Meet the Resurrected You

Meet the Resurrected You

Jesus says of the new earth, “Behold, I am making all things new” (Revelation 21:5). This means he will restore creation to its former pre-curse glory, and likely give it greater beauty and wonder than the original. We, and the new world, will become far better and in that sense far different. But we will be the same people, without sin; and it will be the same world, without evil and suffering. All will be made glorious.

Resurrection — Christ’s and ours — is a cornerstone of the Christian faith. Yet how many of us ponder what our resurrected selves will be like? You might think Scripture doesn’t say much. In fact, it tells us a lot, and gives us solid reasons to deduce much more.

For instance, Paul wrote, “[The body that] is sown is perishable; [it] is raised imperishable. It is sown in dishonor; it is raised in glory. . . . It is sown a natural body; it is raised a spiritual body” (1 Corinthians 15:42–44).
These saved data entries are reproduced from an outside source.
lemma conjugated_coordinate_projection_not_scalar:
  fixes A B :: "nat \<Rightarrow> nat \<Rightarrow> 'k::comm_ring_1"
  assumes BA: "\<forall>i<n. \<forall>l<n. (\<Sum>j<n. B i j * A j l) = (if i = l then 1 else 0)"
    and "0 < a" "a < n"
  shows "\<not> (\<forall>m<n. \<forall>j<n. (\<Sum>i<a. A m i * B i j) = (if m = j then c else 0))"
proof
  assume scalar: "\<forall>m<n. \<forall>j<n. (\<Sum>i<a. A m i * B i j) = (if m = j then c else 0)"
  \<comment> \<open>Q k is the k-th diagonal entry of B (A E_a B) A, i.e. of E_a\<close>
  define Q where "Q k = (\<Sum>m<n. \<Sum>j<n. B k m * (\<Sum>i<a. A m i * B i j) * A j k)" for k
  have Q_scalar: "Q k = c" if "k < n" for k
  proof -
    have "Q k = (\<Sum>m<n. \<Sum>j<n. if j = m then c * (B k m * A m k) else 0)"
      unfolding Q_def using scalar by (intro sum.cong refl) auto
    also have "\<dots> = c * (\<Sum>m<n. B k m * A m k)"
      by (simp add: sum_distrib_left)
    finally show ?thesis
      using BA that by simp
  qed
  have Q_projection: "Q k = (if k < a then 1 else 0)" if "k < n" for k
  proof -
    have "Q k = (\<Sum>i<a. (\<Sum>m<n. B k m * A m i) * (\<Sum>j<n. B i j * A j k))"
      unfolding Q_def sum_product
      by (simp add: sum_distrib_left sum_distrib_right ac_simps sum.swap[of _ "{..<a}"])
    also have "\<dots> = (\<Sum>i<a. if i = k then 1 else 0)"
      using BA that \<open>a < n\<close> by (intro sum.cong refl) auto
    finally show ?thesis
      by simp
  qed
  have "c = 1"
    using Q_scalar[of 0] Q_projection[of 0] \<open>0 < a\<close> \<open>a < n\<close> by simp
  moreover have "c = 0"
    using Q_scalar[of "n - 1"] Q_projection[of "n - 1"] \<open>a < n\<close> by simp
  ultimately show False
    by simp
qed

theorem theorem5p5:
  fixes f :: "'k::field mpoly" and n d :: nat
  assumes notF2: "card (UNIV :: 'k set) \<noteq> 2"
    and form: "is_form n d f"
    and d3: "d \<ge> 3"
    and c1: "\<forall>i<n. state (pd i f) \<noteq> {}"
    and c2: "\<forall>i<n. \<forall>j<n. i < j \<longrightarrow> state (pd i f) \<inter> state (pd j f) = {}"
    and c3: "state f = {\<alpha>. Poly_Mapping.keys \<alpha> \<subseteq> {..<n} \<and> (\<Sum>i<n. Poly_Mapping.lookup \<alpha> i) = d \<and>
                 (\<exists>i<n. \<not> CHAR('k) dvd Poly_Mapping.lookup \<alpha> i) \<and>
                 (\<forall>i<n. state (pd i (mono \<alpha> :: 'k mpoly)) \<subseteq> (\<Union>j<n. state (pd j f)))}"
    and c4: "hessian_graph_connected n f"
  shows "\<not> direct_sum n f"
proof
  assume "direct_sum n f"
  then obtain A a f1 f2 where "invertible_mat n A" "1 \<le> a" "a \<le> n - 1"
    and f1: "in_vars {..<a} f1" and f2: "in_vars {a..<n} f2" and split: "lin_subst n A f = f1 + f2"
    unfolding direct_sum_def by blast
  then have "0 < a" "a < n"
    by linarith+
  from \<open>invertible_mat n A\<close> obtain B
    where AB: "\<forall>i<n. \<forall>l<n. (\<Sum>j<n. A i j * B j l) = (if i = l then 1 else 0)"
    and BA: "\<forall>i<n. \<forall>l<n. (\<Sum>j<n. B i j * A j l) = (if i = l then 1 else 0)"
    unfolding invertible_mat_def by blast
  define F where "F = lin_subst n B f1"
  define P where "P m j = (\<Sum>i<a. A m i * B i j)" for m j
  have "in_vars {..<n} f"
    using form by (auto simp: is_form_def in_vars_def)
  from pd_lin_subst_summand[OF AB this split f1 f2 less_imp_le[OF \<open>a < n\<close>]]
  have pd_F: "\<forall>j<n. pd j F = (\<Sum>m<n. const (P m j) * pd m f)"
    unfolding F_def P_def by blast
  then have "\<forall>j<n. state (pd j F) \<subseteq> (\<Union>m<n. state (pd m f))"
    by (simp add: state_sum_const_mult_subset)
  then have "\<forall>j<n. state (pd j F) \<subseteq> state (pd j f)"
    using state_pd_subset_if_closed[OF form c3] by blast
  moreover have "\<forall>i<n. \<forall>j<n. i \<noteq> j \<longrightarrow> state (pd i f) \<inter> state (pd j f) = {}"
    using c2 by (metis Int_commute linorder_neqE_nat)
  ultimately have off_diagonal: "\<forall>m<n. \<forall>j<n. m \<noteq> j \<longrightarrow> P m j = 0"
    using pd_combination_off_diagonal_zero[OF c1 _ pd_F] by blast
  with pd_F have diagonal: "\<forall>j<n. pd j F = const (P j j) * pd j f"
    by (simp add: sum_eq_single_term)
  have "P m j = (if m = j then P 0 0 else 0)" if "m < n" "j < n" for m j
    using that off_diagonal scalars_equal_if_hessian_graph_connected[OF c4 diagonal \<open>m < n\<close>, of 0]
      \<open>0 < a\<close> \<open>a < n\<close>
    by (cases "m = j") simp_all
  with conjugated_coordinate_projection_not_scalar[OF BA \<open>0 < a\<close> \<open>a < n\<close>] show False
    unfolding P_def by blast
qed

end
The term “spiritual body” doesn’t mean an incorporeal body made of spirit — there is no such thing. Body means corporeal: flesh and bones. A spiritual body will still be a body. But it will be spiritual, under the holy control of a redeemed and righteous spirit.

God made Adam from the earth to live on it, not float on the air. He joined spirit and body to make us completely human. He did not design us to be disembodied spirits as Plato taught, yet sadly, many Christians believe just that. To be with Christ in the present heaven is better by far than living on earth under the curse. But Paul teaches in 1 Corinthians 15 that we will not be eternally complete until our resurrection.

Was Jesus Only a Ghost?

“Beloved, we are God’s children now, and what we will be has not yet appeared; but we know that when he appears we shall be like him” (1 John 3:2). Christ’s post-resurrection actions offer us a preview of what resurrected people will do — including preparing and eating meals, conversing, and traveling. If Jesus had been a ghost, we would become ghosts. More importantly, if Jesus had only been a ghost, redemption wouldn’t have been accomplished.

The risen Jesus told his disciples,

“See my hands and my feet, that it is I myself. Touch me, and see. For a spirit does not have flesh and bones as you see that I have.” And when he had said this, he showed them his hands and his feet. . . . [Then] he said to them, “Have you anything here to eat?” They gave him a piece of broiled fish, and he took it and ate before them. (Luke 24:39–43)

Jesus didn’t just say he wasn’t a ghost; he proved it. Likewise, he “will transform our lowly body to be like his glorious body” (Philippians 3:21). Whatever else a glorified body is, it is first and foremost a resurrected body.

In Acts 1:11, an angel explained, “This Jesus, who was taken up from you into heaven, will come in the same way. . . .” The resurrected Jesus who lived among them forty days before ascending is the same Jesus in soul and body who will return to raise his people’s bodies from the grave. Why didn’t Jesus immediately ascend to heaven? Perhaps partly to show his design for resurrected people to live on a physical earth.

You Will Still be You

Bible-believing Christians often ask me, “Will we become angels when we die?” Somewhere they have gotten the idea that whatever we may be after death, we won’t really be human. No wonder so few Christians look forward to heaven. Humans are not drawn to the idea of becoming inhuman.

Scripture portrays resurrection as a matter of continuity from our present into our future lives. The Westminster Confession says, “All the dead shall be raised up with the selfsame bodies, and none other . . . united again to their souls forever.” Selfsame and none other unequivocally mean we will still be us.

When I became a Christian in high school, my mother saw many changes, but she still recognized me. She said, “Good morning, Randy,” not “Who are you?” My dog never growled at me — he knew exactly who I was even though I was a new person in Jesus. Likewise, this same Randy will undergo another significant change at death, and yet another at the resurrection.